Source data -
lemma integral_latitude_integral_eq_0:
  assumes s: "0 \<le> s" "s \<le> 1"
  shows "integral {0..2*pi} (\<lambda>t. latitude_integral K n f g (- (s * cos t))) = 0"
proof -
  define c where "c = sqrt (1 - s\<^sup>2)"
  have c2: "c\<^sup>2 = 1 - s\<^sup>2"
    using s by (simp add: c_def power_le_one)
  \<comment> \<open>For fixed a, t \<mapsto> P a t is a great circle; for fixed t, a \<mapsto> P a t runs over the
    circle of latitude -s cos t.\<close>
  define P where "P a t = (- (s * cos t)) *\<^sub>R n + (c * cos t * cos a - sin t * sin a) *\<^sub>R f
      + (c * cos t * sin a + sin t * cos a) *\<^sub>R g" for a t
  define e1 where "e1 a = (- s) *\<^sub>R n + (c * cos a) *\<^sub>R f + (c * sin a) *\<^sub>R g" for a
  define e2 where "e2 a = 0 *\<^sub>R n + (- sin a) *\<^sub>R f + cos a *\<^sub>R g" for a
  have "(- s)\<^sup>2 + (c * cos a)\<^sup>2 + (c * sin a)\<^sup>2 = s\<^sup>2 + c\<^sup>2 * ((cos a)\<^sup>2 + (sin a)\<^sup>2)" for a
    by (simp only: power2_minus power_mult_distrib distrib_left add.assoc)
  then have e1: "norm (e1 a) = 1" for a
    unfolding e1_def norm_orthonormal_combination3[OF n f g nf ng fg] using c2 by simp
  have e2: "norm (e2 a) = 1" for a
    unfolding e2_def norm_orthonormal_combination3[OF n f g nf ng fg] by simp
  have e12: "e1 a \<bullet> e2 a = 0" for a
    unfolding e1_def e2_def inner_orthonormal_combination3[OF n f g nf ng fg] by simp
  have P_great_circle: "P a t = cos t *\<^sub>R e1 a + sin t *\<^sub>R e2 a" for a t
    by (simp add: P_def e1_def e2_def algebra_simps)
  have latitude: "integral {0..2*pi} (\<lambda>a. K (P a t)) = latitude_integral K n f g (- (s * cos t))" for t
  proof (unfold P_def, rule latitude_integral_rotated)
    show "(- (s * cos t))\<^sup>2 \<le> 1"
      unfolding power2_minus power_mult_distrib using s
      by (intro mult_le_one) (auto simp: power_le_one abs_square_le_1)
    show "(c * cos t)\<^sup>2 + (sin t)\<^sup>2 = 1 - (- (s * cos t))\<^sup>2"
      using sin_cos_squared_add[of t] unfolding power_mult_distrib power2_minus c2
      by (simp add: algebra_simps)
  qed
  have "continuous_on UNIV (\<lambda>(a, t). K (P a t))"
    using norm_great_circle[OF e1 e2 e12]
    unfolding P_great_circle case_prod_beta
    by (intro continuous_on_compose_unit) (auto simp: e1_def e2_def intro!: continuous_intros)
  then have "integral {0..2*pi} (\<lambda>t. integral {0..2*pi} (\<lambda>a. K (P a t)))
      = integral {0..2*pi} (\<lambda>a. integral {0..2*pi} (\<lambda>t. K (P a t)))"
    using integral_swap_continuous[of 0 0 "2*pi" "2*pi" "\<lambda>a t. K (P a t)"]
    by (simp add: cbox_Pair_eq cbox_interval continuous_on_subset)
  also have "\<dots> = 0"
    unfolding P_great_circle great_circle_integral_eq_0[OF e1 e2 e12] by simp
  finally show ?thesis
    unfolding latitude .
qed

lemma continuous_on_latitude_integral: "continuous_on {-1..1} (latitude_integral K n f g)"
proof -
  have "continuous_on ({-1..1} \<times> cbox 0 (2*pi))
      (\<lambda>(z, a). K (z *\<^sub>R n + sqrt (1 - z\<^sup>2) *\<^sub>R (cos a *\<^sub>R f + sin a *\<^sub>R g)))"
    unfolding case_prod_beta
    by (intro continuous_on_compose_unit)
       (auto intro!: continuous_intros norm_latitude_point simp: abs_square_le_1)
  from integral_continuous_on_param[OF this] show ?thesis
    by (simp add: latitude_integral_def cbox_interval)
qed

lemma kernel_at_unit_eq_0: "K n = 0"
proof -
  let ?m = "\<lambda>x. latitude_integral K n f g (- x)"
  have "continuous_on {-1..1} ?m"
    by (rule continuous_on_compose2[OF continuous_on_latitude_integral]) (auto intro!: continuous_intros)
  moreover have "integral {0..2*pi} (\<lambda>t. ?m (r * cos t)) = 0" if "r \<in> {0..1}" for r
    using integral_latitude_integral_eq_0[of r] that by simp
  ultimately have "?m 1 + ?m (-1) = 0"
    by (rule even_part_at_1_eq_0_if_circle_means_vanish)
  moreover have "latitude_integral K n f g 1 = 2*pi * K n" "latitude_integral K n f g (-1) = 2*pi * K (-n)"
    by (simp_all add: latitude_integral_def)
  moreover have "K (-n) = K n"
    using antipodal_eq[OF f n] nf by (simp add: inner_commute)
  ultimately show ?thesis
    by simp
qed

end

--

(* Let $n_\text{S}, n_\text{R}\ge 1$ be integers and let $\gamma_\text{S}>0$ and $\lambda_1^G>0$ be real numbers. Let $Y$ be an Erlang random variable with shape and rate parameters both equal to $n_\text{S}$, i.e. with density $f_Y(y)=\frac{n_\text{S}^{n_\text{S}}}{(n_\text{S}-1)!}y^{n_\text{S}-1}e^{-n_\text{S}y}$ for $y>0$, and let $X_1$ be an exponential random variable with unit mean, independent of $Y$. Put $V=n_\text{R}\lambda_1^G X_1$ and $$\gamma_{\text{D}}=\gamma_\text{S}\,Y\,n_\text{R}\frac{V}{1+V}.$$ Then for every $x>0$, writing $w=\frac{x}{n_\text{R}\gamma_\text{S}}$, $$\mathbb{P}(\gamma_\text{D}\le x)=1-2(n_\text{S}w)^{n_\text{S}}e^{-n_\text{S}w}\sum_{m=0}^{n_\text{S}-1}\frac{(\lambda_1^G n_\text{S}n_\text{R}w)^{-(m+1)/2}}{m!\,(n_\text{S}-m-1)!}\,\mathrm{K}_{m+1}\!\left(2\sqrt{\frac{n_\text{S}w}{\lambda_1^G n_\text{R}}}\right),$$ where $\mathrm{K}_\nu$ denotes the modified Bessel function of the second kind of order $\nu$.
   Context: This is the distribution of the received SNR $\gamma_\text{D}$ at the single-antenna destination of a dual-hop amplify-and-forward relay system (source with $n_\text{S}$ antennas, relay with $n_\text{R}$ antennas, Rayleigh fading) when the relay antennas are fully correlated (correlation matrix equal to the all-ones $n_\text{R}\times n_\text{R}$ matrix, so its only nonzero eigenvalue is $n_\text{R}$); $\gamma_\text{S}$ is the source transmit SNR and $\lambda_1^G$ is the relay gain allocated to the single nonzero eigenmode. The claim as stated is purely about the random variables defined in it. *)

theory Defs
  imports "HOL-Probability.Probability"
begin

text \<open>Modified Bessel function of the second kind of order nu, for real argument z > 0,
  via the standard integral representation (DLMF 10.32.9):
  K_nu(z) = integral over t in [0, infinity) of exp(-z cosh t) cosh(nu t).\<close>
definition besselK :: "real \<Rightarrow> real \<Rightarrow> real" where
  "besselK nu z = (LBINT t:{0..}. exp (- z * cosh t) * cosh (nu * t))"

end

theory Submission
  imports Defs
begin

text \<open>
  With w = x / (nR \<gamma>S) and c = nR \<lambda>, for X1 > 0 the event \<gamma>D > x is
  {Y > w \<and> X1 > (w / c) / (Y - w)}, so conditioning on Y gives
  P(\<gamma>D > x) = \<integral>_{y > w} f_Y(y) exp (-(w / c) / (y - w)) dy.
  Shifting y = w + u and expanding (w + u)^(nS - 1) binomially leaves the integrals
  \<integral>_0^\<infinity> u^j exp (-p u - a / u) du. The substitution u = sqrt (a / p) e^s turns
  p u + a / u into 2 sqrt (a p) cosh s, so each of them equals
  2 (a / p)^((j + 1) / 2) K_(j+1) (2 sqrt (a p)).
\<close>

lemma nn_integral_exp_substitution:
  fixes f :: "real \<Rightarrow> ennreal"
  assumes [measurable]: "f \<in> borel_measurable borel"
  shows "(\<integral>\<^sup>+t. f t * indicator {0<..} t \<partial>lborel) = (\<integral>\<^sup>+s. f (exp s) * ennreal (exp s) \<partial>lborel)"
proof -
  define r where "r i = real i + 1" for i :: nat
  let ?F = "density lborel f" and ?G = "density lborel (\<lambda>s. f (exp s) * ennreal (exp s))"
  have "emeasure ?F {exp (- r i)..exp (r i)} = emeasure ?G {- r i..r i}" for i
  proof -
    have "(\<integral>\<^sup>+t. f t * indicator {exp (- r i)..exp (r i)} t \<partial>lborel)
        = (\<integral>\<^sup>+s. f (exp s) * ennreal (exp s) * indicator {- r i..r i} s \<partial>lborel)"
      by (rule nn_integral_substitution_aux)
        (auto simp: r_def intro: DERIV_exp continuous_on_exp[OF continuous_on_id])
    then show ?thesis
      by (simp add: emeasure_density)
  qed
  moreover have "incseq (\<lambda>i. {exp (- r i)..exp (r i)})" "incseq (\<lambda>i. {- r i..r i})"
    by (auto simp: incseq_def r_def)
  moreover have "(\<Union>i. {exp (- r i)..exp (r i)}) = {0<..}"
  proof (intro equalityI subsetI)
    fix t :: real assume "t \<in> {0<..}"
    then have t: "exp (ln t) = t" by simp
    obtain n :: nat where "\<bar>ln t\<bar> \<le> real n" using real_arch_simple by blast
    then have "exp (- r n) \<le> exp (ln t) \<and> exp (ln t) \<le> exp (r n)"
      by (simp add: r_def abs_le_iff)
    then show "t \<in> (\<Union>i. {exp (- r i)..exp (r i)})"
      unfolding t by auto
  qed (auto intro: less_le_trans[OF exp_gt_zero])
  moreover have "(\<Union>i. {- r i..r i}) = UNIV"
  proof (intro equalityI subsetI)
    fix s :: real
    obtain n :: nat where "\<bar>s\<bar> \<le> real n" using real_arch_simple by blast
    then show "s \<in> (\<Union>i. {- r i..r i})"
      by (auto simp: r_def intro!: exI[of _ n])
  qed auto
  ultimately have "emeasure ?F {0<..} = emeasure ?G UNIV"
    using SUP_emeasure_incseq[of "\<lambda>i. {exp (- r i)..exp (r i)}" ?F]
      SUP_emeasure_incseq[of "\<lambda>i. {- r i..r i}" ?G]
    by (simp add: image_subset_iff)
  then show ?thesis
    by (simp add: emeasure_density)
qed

Exercise instructions - Lines above that include the string "Union" need to be copied.

Task response -
  moreover have "(\<Union>i. {exp (- r i)..exp (r i)}) = {0<..}"
    then show "t \<in> (\<Union>i. {exp (- r i)..exp (r i)})"
  moreover have "(\<Union>i. {- r i..r i}) = UNIV"
    then show "s \<in> (\<Union>i. {- r i..r i})"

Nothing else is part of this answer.